- [HOW TO COMPLETE THIS TASK] Copy the entries exactly, through the "A) \<subseteq> mon_ideal" line.

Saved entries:
- - - - -

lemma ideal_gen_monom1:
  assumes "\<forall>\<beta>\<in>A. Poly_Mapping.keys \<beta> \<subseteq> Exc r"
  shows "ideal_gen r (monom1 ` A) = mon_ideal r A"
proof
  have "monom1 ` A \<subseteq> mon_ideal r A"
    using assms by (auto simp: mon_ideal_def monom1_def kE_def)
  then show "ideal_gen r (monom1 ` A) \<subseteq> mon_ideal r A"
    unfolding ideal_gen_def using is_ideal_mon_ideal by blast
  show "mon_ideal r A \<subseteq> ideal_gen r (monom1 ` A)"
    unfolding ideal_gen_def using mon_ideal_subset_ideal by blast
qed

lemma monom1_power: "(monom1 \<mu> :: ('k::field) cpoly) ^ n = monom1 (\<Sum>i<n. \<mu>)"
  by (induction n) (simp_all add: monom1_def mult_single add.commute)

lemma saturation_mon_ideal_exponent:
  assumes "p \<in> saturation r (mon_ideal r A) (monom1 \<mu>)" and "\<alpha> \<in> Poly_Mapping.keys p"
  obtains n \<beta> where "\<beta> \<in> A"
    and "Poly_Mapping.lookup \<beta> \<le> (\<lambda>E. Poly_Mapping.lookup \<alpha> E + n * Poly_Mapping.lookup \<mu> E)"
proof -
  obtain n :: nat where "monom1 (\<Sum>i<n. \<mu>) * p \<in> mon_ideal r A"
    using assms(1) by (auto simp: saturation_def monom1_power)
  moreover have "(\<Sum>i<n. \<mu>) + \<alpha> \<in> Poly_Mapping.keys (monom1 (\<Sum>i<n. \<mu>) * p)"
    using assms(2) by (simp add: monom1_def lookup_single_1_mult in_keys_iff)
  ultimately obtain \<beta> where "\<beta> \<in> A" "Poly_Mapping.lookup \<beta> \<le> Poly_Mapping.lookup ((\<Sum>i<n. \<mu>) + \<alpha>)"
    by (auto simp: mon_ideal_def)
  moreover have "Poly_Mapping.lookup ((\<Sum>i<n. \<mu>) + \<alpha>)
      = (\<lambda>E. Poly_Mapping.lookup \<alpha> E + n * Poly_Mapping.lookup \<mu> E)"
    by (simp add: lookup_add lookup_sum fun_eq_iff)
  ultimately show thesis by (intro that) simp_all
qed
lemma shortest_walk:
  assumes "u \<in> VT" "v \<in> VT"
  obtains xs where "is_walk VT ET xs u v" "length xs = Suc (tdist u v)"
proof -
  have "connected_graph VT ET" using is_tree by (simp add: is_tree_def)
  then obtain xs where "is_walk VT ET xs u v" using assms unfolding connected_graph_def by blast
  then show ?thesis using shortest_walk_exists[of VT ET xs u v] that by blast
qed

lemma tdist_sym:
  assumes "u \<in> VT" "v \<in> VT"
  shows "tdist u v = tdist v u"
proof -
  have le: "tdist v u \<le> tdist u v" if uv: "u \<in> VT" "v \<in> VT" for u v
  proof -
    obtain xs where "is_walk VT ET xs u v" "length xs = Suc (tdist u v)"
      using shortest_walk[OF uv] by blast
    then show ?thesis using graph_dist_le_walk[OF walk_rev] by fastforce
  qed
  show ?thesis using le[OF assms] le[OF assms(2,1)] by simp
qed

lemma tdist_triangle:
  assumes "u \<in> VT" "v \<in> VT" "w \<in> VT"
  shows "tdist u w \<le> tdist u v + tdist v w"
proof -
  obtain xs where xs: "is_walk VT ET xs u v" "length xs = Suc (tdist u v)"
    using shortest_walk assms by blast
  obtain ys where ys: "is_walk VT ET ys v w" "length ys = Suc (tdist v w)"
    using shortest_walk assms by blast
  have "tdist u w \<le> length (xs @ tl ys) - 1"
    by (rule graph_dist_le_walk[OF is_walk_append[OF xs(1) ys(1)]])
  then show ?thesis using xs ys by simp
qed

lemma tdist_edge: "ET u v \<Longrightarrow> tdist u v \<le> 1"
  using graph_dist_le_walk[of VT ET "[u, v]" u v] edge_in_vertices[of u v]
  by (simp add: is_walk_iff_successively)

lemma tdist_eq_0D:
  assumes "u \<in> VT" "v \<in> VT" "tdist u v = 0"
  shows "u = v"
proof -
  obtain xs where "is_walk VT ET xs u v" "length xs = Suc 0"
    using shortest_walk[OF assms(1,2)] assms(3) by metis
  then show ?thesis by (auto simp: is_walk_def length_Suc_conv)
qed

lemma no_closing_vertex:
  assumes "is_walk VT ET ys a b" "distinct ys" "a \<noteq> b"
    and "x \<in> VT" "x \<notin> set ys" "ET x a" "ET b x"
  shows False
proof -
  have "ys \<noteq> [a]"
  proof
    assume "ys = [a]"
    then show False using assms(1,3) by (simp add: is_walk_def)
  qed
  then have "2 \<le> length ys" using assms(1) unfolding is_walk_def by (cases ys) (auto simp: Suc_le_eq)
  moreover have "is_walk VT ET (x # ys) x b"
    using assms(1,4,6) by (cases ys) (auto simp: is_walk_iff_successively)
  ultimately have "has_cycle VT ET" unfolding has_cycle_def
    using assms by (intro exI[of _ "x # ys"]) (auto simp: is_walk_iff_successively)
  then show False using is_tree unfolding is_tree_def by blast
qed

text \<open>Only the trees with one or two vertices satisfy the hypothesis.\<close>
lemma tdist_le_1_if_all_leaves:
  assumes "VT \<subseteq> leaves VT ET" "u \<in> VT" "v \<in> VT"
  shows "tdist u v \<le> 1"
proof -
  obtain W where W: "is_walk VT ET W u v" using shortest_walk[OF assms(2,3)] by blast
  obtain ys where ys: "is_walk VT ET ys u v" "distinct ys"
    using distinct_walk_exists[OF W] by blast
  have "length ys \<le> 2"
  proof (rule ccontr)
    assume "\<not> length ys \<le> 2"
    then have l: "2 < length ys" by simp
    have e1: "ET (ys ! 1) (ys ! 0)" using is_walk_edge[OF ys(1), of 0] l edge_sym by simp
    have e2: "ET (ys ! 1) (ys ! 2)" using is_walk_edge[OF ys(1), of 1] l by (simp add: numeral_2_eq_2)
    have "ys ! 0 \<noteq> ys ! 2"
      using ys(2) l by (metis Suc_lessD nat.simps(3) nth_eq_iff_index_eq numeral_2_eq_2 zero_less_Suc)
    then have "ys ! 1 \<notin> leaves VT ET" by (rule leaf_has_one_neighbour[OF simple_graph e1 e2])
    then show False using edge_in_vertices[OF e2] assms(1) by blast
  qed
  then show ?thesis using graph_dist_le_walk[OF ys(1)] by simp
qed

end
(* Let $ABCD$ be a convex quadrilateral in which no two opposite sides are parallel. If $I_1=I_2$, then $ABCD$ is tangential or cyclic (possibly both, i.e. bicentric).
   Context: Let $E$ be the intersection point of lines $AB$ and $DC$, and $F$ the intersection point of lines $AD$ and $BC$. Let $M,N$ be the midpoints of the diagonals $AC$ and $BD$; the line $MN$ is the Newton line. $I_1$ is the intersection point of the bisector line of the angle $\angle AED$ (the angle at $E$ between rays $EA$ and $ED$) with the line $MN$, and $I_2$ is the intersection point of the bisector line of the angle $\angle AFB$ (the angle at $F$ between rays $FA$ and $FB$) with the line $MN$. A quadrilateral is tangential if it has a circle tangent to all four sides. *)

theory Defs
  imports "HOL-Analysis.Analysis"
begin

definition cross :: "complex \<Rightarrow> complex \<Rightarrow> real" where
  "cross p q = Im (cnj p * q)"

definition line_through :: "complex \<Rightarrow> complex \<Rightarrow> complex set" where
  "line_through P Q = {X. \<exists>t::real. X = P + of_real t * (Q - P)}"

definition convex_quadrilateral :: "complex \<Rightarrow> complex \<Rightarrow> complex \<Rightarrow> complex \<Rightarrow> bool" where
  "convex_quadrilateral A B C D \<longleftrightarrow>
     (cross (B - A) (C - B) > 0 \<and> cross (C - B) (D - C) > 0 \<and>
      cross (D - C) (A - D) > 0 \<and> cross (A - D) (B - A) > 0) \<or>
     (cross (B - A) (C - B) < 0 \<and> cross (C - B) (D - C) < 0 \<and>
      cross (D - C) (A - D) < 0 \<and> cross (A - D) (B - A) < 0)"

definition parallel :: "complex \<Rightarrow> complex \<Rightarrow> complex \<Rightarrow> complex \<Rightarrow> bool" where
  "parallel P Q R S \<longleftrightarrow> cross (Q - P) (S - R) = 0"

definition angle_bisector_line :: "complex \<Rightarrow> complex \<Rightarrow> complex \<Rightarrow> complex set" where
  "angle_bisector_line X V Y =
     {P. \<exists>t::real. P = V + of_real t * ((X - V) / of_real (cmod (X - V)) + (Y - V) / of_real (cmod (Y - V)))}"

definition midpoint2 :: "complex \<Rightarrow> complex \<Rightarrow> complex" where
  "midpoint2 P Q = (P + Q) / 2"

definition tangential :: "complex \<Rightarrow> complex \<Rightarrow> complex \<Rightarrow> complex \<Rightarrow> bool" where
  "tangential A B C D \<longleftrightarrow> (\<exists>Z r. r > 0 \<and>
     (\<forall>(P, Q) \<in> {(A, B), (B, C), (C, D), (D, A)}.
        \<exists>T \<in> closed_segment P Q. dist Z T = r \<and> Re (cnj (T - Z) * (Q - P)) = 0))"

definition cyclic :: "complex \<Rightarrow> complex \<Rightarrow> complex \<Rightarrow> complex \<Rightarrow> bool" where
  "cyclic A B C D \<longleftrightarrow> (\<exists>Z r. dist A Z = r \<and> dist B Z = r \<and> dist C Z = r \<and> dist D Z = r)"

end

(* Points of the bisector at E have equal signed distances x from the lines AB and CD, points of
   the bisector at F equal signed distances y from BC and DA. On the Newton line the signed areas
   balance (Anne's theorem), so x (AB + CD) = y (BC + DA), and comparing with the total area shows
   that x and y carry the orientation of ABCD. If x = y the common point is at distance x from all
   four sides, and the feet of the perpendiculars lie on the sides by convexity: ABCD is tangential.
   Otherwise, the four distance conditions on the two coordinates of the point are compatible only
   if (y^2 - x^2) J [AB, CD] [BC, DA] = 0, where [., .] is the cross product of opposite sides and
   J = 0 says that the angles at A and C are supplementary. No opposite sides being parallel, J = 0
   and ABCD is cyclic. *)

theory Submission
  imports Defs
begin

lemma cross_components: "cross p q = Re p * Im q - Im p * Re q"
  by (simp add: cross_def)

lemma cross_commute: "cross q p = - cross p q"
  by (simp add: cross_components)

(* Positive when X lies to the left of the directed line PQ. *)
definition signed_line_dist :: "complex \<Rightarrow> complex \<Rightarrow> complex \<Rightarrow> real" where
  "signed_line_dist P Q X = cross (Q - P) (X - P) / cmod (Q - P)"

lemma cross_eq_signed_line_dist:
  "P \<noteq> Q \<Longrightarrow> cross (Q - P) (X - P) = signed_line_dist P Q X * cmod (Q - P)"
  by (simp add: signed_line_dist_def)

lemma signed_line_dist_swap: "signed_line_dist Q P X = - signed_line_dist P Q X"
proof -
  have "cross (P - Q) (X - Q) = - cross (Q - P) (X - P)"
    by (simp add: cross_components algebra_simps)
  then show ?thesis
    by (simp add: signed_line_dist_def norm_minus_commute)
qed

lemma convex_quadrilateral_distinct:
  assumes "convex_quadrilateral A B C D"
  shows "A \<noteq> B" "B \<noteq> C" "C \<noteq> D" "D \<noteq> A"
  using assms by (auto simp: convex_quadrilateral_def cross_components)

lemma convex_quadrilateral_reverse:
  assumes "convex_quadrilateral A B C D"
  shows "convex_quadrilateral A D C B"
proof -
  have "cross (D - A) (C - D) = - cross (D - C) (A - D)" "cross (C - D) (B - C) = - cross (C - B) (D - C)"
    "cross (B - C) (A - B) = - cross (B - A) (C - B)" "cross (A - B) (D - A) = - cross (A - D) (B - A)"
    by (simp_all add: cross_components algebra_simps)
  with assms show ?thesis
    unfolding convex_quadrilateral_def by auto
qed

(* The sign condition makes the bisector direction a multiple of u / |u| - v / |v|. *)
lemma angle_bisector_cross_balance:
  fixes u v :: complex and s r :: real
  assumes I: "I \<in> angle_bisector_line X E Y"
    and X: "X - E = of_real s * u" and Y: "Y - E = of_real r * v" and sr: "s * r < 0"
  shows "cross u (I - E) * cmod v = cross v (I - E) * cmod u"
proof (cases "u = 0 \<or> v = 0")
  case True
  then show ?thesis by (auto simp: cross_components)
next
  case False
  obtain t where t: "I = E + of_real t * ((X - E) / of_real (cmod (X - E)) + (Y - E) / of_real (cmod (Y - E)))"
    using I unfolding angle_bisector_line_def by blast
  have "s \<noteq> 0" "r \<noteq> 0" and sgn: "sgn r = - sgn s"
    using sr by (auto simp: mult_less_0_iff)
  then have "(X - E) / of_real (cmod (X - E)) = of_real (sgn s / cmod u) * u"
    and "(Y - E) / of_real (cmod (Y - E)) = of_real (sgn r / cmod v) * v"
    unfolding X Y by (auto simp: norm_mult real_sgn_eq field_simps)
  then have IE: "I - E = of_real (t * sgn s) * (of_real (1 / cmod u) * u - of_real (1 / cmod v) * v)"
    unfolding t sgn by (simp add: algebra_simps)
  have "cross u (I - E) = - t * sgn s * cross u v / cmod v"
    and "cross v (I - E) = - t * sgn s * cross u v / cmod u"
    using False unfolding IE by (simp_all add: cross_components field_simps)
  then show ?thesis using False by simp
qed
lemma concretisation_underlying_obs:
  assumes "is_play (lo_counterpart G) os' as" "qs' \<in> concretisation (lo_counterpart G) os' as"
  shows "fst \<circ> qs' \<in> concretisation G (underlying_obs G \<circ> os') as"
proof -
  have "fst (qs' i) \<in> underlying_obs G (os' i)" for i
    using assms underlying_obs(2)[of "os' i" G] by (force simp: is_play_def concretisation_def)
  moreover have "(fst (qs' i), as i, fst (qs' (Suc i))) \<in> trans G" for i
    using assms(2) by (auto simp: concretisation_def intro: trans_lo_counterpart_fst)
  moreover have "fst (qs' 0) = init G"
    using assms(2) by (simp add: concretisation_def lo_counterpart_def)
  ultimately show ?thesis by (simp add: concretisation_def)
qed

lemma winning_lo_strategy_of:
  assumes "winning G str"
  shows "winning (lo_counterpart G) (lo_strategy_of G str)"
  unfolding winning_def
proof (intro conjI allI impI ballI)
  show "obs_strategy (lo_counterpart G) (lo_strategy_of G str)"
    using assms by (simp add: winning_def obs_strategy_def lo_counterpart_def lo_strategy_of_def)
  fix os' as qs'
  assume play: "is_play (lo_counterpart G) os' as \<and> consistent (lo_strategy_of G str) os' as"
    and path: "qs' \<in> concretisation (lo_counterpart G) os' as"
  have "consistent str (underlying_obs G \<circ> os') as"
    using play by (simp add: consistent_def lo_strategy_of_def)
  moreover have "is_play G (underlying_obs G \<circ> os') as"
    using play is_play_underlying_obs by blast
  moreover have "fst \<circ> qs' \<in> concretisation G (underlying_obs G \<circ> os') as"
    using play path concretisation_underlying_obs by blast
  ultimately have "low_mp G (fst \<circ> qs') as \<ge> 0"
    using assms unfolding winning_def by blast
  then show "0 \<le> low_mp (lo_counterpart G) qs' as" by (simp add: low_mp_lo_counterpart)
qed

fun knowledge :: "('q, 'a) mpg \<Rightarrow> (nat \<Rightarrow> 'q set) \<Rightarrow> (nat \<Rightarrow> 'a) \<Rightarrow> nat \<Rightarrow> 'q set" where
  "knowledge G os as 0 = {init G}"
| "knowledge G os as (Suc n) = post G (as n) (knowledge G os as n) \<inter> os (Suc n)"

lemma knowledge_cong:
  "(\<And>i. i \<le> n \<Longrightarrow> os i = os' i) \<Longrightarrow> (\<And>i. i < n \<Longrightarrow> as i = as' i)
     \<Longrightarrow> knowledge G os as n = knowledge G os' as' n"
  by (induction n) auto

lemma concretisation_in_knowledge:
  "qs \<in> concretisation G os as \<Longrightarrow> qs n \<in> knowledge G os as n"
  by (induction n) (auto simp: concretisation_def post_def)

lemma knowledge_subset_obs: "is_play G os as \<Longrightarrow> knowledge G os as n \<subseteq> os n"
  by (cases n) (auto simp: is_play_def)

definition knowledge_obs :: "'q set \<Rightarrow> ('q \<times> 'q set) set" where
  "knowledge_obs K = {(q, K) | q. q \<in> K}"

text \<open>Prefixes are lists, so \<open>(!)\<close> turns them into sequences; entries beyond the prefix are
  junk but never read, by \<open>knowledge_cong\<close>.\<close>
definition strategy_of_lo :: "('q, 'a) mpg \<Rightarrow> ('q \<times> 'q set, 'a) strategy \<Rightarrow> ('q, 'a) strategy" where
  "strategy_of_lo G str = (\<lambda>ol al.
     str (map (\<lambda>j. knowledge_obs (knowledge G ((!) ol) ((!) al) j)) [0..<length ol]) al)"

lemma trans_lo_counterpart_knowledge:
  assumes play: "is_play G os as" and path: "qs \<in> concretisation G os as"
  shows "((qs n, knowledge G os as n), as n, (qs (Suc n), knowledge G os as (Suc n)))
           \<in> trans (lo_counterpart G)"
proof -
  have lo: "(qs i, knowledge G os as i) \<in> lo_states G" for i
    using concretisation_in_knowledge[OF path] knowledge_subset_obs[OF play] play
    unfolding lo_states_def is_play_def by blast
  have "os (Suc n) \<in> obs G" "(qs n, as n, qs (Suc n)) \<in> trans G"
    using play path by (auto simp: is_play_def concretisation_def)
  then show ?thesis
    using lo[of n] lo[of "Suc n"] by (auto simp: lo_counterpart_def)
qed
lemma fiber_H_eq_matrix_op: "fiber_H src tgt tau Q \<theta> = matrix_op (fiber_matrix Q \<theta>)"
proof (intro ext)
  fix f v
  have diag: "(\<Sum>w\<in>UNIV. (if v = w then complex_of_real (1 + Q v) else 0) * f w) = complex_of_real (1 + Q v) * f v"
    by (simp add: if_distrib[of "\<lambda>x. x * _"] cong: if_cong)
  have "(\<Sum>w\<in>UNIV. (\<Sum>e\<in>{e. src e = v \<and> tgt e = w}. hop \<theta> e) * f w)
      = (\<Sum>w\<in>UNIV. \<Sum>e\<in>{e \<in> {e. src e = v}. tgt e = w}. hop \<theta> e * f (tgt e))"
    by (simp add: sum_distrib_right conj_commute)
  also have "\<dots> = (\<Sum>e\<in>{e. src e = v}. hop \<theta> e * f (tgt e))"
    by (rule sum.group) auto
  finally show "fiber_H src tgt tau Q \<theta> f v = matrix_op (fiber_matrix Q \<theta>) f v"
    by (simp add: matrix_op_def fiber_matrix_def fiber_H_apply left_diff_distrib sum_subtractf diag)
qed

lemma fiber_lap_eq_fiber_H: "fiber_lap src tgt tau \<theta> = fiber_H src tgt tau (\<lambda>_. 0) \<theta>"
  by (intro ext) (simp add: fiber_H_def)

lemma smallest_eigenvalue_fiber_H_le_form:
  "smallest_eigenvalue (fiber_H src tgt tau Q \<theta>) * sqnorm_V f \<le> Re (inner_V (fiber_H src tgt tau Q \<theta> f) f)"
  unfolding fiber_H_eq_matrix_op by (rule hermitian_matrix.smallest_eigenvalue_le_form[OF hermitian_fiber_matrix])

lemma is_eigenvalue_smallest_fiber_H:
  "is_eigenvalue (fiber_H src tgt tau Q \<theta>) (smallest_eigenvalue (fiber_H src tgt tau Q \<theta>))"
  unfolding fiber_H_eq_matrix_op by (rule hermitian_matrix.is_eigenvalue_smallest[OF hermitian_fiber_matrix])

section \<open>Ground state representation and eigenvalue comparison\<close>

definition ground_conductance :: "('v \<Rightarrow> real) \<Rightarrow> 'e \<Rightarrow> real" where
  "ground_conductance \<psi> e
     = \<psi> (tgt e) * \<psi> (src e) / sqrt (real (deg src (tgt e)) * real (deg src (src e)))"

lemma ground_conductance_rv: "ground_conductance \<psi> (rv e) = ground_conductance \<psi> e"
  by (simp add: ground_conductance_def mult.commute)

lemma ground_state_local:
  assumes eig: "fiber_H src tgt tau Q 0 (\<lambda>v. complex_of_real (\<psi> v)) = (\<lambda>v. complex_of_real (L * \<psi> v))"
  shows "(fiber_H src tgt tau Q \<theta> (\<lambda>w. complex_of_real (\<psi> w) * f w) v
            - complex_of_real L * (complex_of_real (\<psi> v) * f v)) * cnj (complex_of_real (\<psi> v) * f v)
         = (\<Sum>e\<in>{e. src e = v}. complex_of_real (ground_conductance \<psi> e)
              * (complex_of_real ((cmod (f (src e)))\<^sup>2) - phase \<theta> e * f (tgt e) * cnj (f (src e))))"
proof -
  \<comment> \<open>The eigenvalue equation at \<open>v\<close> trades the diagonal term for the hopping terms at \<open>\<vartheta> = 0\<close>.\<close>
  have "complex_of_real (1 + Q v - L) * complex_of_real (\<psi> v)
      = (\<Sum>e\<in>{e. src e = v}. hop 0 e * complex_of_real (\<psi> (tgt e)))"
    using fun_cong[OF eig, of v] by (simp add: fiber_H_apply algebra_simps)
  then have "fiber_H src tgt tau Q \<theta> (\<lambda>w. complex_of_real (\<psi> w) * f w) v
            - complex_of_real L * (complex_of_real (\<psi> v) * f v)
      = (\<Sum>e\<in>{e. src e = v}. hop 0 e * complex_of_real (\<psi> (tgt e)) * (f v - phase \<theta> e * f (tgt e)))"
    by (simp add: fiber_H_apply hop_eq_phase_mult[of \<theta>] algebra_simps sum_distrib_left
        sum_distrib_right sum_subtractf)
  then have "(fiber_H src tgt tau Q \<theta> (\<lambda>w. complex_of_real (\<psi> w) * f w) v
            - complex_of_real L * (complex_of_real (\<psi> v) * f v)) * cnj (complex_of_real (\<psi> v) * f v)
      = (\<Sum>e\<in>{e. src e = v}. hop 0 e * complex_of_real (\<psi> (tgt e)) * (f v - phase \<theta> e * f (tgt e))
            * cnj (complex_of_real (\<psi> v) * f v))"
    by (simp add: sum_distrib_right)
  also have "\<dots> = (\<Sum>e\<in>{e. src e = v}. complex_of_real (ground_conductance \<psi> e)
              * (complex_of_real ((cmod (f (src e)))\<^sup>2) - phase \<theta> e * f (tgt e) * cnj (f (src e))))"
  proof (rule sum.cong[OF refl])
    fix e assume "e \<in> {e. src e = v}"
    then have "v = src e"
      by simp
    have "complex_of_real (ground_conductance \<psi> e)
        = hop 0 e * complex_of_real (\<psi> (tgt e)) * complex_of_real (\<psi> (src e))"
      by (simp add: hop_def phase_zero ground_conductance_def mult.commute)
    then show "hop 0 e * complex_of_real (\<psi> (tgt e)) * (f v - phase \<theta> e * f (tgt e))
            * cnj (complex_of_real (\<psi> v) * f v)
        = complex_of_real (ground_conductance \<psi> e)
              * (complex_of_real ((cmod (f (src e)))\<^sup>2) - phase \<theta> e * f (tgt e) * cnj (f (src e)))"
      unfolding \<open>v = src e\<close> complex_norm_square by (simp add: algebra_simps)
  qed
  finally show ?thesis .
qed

- - - - -

- [REPLY TO THE TASK]
lemma ideal_gen_monom1:
  assumes "\<forall>\<beta>\<in>A. Poly_Mapping.keys \<beta> \<subseteq> Exc r"
  shows "ideal_gen r (monom1 ` A) = mon_ideal r A"
proof
  have "monom1 ` A \<subseteq> mon_ideal r A"
    using assms by (auto simp: mon_ideal_def monom1_def kE_def)
  then show "ideal_gen r (monom1 ` A) \<subseteq> mon_ideal r A"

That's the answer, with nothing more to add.